5. It is not contended that there was any irregularity or defect in the original sale proclamation. And so far as the proclamation that was published is concerned, there has been no transgression of the provisions of Section 290.
6. It has been argued by the vakeel for the petitioner, that Section 290 must be equally followed when under Section 291 an adjournment has been allowed, unless all the judgment-debtors waive the issue of a fresh proclamation. But we think it clear that this is not so.
7. For supposing that under Section 291 a sale has been, in the discretion of the Court, and not upon application, adjourned for 15 days, and a fresh proclamation has to be published, it would be impossible to hold, that under Section 290 it would be illegal to hold such adjourned sale, until after the expiration of at least thirty days from the date of the fixing up of the fresh proclamation in the Court of the Judge.
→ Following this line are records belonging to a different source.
(* Let $M=G/\Gamma$ be a 2-step nilmanifold with invariant abelian complex structure and $\dim_{\mathbb C}\mathfrak c^{1,0}=1$; let $\bar\rho$ span $\mathfrak c^{*(0,1)}$, $W\in\mathfrak c^{1,0}$, $T\in\mathfrak t^{1,0}$ and $\Lambda_1=W\wedge T$. Suppose that $\mathrm{ad}_{\Lambda_1}\bar\rho$ is $\bar\partial$-exact in $B^{1,1}$. Then for all $p,q$, $\mathrm{ad}_{\Lambda_1}$ maps every $\bar\partial$-closed element of $B^{p,q}$ to a $\bar\partial$-exact element of $B^{p+1,q}$; i.e. $\mathrm{ad}_{\Lambda_1}$ induces the zero map $H^q(\mathfrak g^{p,0})\to H^q(\mathfrak g^{p+1,0})$.
   Context: $G$ is a simply connected nilpotent Lie group with Lie algebra $\mathfrak g$, $\Gamma$ a lattice, 2-step: $[\mathfrak g,\mathfrak g]\subseteq\mathfrak c$ (center). $J$ is a left-invariant abelian complex structure ($J^2=-1$, $[JA,JB]=[A,B]$), so $\mathfrak g^{1,0}$ is abelian. $\mathfrak g^{1,0}=\mathfrak t^{1,0}\oplus\mathfrak c^{1,0}$ with $\mathfrak c^{1,0}$ the $(1,0)$-part of the center, basis $W_\ell$, and $\mathfrak t^{1,0}$ with basis $T_k$, such that the only nonzero brackets are $[\bar T_k,T_j]=\sum_\ell E^\ell_{kj}W_\ell-\sum_\ell\bar E^\ell_{jk}\bar W_\ell$; dual basis $\omega^k,\rho^\ell$ with $d\omega^k=0$, $d\rho^\ell=\sum E^\ell_{ji}\omega^i\wedge\bar\omega^j$; $\mathfrak t^{*(0,1)}=\mathrm{span}\{\bar\omega^k\}$, $\mathfrak c^{*(0,1)}=\mathrm{span}\{\bar\rho^\ell\}$. $B^{p,q}=\wedge^p\mathfrak g^{1,0}\otimes\wedge^q\mathfrak g^{*(0,1)}$ with $\bar\partial:B^{p,q}\to B^{p,q+1}$ the Lie algebroid (Dolbeault) differential (on $(0,q)$-forms the $(0,q+1)$-part of $d$; for $V\in\mathfrak g^{1,0}$, $(\bar\partial V)(\bar X)$ is the $(1,0)$-part of $[\bar X,V]$; extended as graded derivation) and the Schouten bracket (graded extension of the Lie bracket on $\mathfrak g^{1,0}$, $[V,\bar\omega]=\iota_Vd\bar\omega$, $[\bar\omega_1,\bar\omega_2]=0$); $\mathrm{ad}_A=[A,\cdot]$. $H^q(\mathfrak g^{p,0})$ is the $\bar\partial$-cohomology of $B^{p,\bullet}$ in degree $q$. *)

theory Defs
  imports Complex_Main
begin

text \<open>
Coordinate model.  g^{1,0} has basis V_0,...,V_n with V_k = T_k (k < n) and
V_n = W (so dim c^{1,0} = 1); g^{*(0,1)} has the dual conjugate basis
phibar^0,...,phibar^n with phibar^k = conj omega^k (k < n), phibar^n = conj rho.
The structure constants are E k j = E^1_{kj} (k, j < n).

The bigraded algebra B = (+)_{p,q} B^{p,q} is the exterior (supercommutative)
algebra on the 2(n+1) odd generators; generator V_i is encoded by the number i
(i <= n) and generator phibar^k by the number n+1+k.  A basis monomial is the
finite set S of its generators, written in increasing order; an element of B is
a coefficient function on such sets.
\<close>

type_synonym belt = "nat set \<Rightarrow> complex"

definition gens :: "nat \<Rightarrow> nat set" where
  "gens n = {..<2 * Suc n}"

definition vidx :: "nat \<Rightarrow> nat \<Rightarrow> nat" where
  "vidx n i = i"

definition fidx :: "nat \<Rightarrow> nat \<Rightarrow> nat" where
  "fidx n k = Suc n + k"

definition bas :: "nat set \<Rightarrow> belt" where
  "bas S = (\<lambda>U. if U = S then 1 else 0)"

definition zeroB :: belt where "zeroB = (\<lambda>U. 0)"

definition addB :: "belt \<Rightarrow> belt \<Rightarrow> belt" where
  "addB f g = (\<lambda>U. f U + g U)"

definition smultB :: "complex \<Rightarrow> belt \<Rightarrow> belt" where
  "smultB c f = (\<lambda>U. c * f U)"

text \<open>Sign of e_S \<and> e_T: number of pairs (s,t), s in S, t in T, with t < s.\<close>
definition ninv :: "nat set \<Rightarrow> nat set \<Rightarrow> nat" where
  "ninv S T = card {(s, t). s \<in> S \<and> t \<in> T \<and> t < s}"

definition wedge :: "nat \<Rightarrow> belt \<Rightarrow> belt \<Rightarrow> belt" where
  "wedge n f g = (\<lambda>U. \<Sum>S\<in>Pow (gens n). \<Sum>T\<in>Pow (gens n).
      if S \<inter> T = {} \<and> S \<union> T = U then (-1) ^ ninv S T * f S * g T else 0)"

text \<open>Extension of an odd (total degree +1) graded derivation D, given on the
generators by D s (an even element), to all of B:
D(x_{s_1} ... x_{s_k}) = \<Sum>_i (-1)^{i-1} x_{s_1}..D(x_{s_i})..x_{s_k}.\<close>
definition dext :: "nat \<Rightarrow> (nat \<Rightarrow> belt) \<Rightarrow> belt \<Rightarrow> belt" where
  "dext n D f = (\<lambda>U. \<Sum>S\<in>Pow (gens n). f S *
      (\<Sum>s\<in>S. (-1) ^ card {t \<in> S. t < s} * wedge n (D s) (bas (S - {s})) U))"

text \<open>Bracket data of g_C (abelian J, 2-step):
[conj V_k, V_j] = \<Sum>_l acoef l k j V_l + \<Sum>_l bcoef l k j conj V_l, i.e.
[conj T_k, T_j] = E_{kj} W - conj(E_{jk}) conj W, all other brackets of basis
vectors of g^{1,0} + g^{0,1} zero.\<close>
definition acoef :: "nat \<Rightarrow> (nat \<Rightarrow> nat \<Rightarrow> complex) \<Rightarrow> nat \<Rightarrow> nat \<Rightarrow> nat \<Rightarrow> complex" where
  "acoef n E l k j = (if l = n \<and> k < n \<and> j < n then E k j else 0)"

definition bcoef :: "nat \<Rightarrow> (nat \<Rightarrow> nat \<Rightarrow> complex) \<Rightarrow> nat \<Rightarrow> nat \<Rightarrow> nat \<Rightarrow> complex" where
  "bcoef n E l k j = (if l = n \<and> k < n \<and> j < n then - cnj (E j k) else 0)"

definition vecB :: "nat \<Rightarrow> (nat \<Rightarrow> complex) \<Rightarrow> belt" where
  "vecB n X = (\<lambda>U. \<Sum>j\<le>n. X j * bas {vidx n j} U)"

definition formB :: "nat \<Rightarrow> (nat \<Rightarrow> complex) \<Rightarrow> belt" where
  "formB n c = (\<lambda>U. \<Sum>k\<le>n. c k * bas {fidx n k} U)"

text \<open>dbar on generators.
(dbar V_j)(conj X) = (1,0)-part of [conj X, V_j], so
dbar V_j = \<Sum>_{k,l} acoef l k j V_l \<otimes> phibar^k.
dbar phibar^l = (0,2)-part of d phibar^l, where d phi (X,Y) = - phi([X,Y]);
since [g^{0,1}, g^{0,1}] = 0 (J abelian) this (0,2)-part vanishes.\<close>
definition dbar_gen :: "nat \<Rightarrow> (nat \<Rightarrow> nat \<Rightarrow> complex) \<Rightarrow> nat \<Rightarrow> belt" where
  "dbar_gen n E s = (if s \<le> n then
      (\<lambda>U. \<Sum>k\<le>n. \<Sum>l\<le>n. acoef n E l k s *
             wedge n (bas {vidx n l}) (bas {fidx n k}) U)
    else zeroB)"

definition dbar :: "nat \<Rightarrow> (nat \<Rightarrow> nat \<Rightarrow> complex) \<Rightarrow> belt \<Rightarrow> belt" where
  "dbar n E = dext n (dbar_gen n E)"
8. The High Court at Allahabad has held in Rameshur Singh v. Sheodin Singh I.L.R. 12 All 510 that whereas the doing of a thing by the Court which is prohibited by law is an illegality, which renders the thing done null and void, the omission to do something which is prescribed may be only an irregularity. And in a case very similar to the one before us, this Court has held in Satish Chunder Rai Chowdhuri v. Thomas I.L.R. 11 Cal. 658 that the omission to publish a fresh proclamation was only an irregularity. We see no reason for dissenting from this opinion: and we find that the cases cited on behalf of the petitioner are not on all fours with this one.
9. As regards the objection taken to the jurisdiction of the District Judge to hear the appeal, it was not seriously pressed before us; and we are not disposed to attach any weight to it. The amendment of the Procedure Code did not repeal the previous law, but merely altered the forum of appeal in such cases, and we think the District Judge had jurisdiction.
10. The rule must be discharged with costs.